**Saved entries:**
lemma unit_valued_rescale:
  assumes "unit_valued e" "\<epsilon> < 1" "\<And>u v. (u, v) \<in> R \<Longrightarrow> \<epsilon> \<le> e u v"
  shows "unit_valued (rescale R \<epsilon> e)"
  using assms by (auto simp: unit_valued_def rescale_def divide_le_eq_1)

lemma rescale_le:
  assumes "unit_valued e" "0 \<le> \<epsilon>" "\<epsilon> < 1"
  shows "rescale R \<epsilon> e u v \<le> e u v"
proof -
  have "e u v - \<epsilon> \<le> e u v * (1 - \<epsilon>)"
    using assms by (auto simp: unit_valued_def algebra_simps intro: mult_left_le)
  then show ?thesis using assms(3) by (simp add: rescale_def pos_divide_le_eq)
qed

locale finitely_branching = labelled_chain +
  assumes finite_transitions: "\<And>s. finite (set_pmf (\<tau> s))"
begin

lemma Delta_attained:
  assumes "unit_valued e" "lab s = lab t"
  shows "\<exists>\<omega>\<in>couplings (\<tau> s) (\<tau> t). D e s t = cost \<omega> e"
proof -
  obtain \<omega> where \<omega>: "\<omega> \<in> couplings (\<tau> s) (\<tau> t)"
    and min: "\<And>\<omega>'. \<omega>' \<in> couplings (\<tau> s) (\<tau> t) \<Longrightarrow> cost \<omega> e \<le> cost \<omega>' e"
    using couplings_attain_min_expectation[OF finite_transitions finite_transitions] by blast
  have "D e s t = cost \<omega> e"
    unfolding Delta_def using assms(2)
    by (simp, intro antisym cINF_lower bdd_below_cost[OF assms(1)] \<omega> cINF_greatest
        couplings_nonempty min)
  then show ?thesis using \<omega> by blast
qed

definition optimal_policy :: "('a \<times> 'a \<Rightarrow> ('a \<times> 'a) pmf) \<Rightarrow> bool" where
  "optimal_policy T \<longleftrightarrow> (\<forall>(s, t)\<in>unknown_pairs \<tau> lab.
     T (s, t) \<in> couplings (\<tau> s) (\<tau> t) \<and> d s t = cost (T (s, t)) d)"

**Exercise details:**
State the number of lines above that contain "omega". Write nothing besides it.

**Response to this task:**
6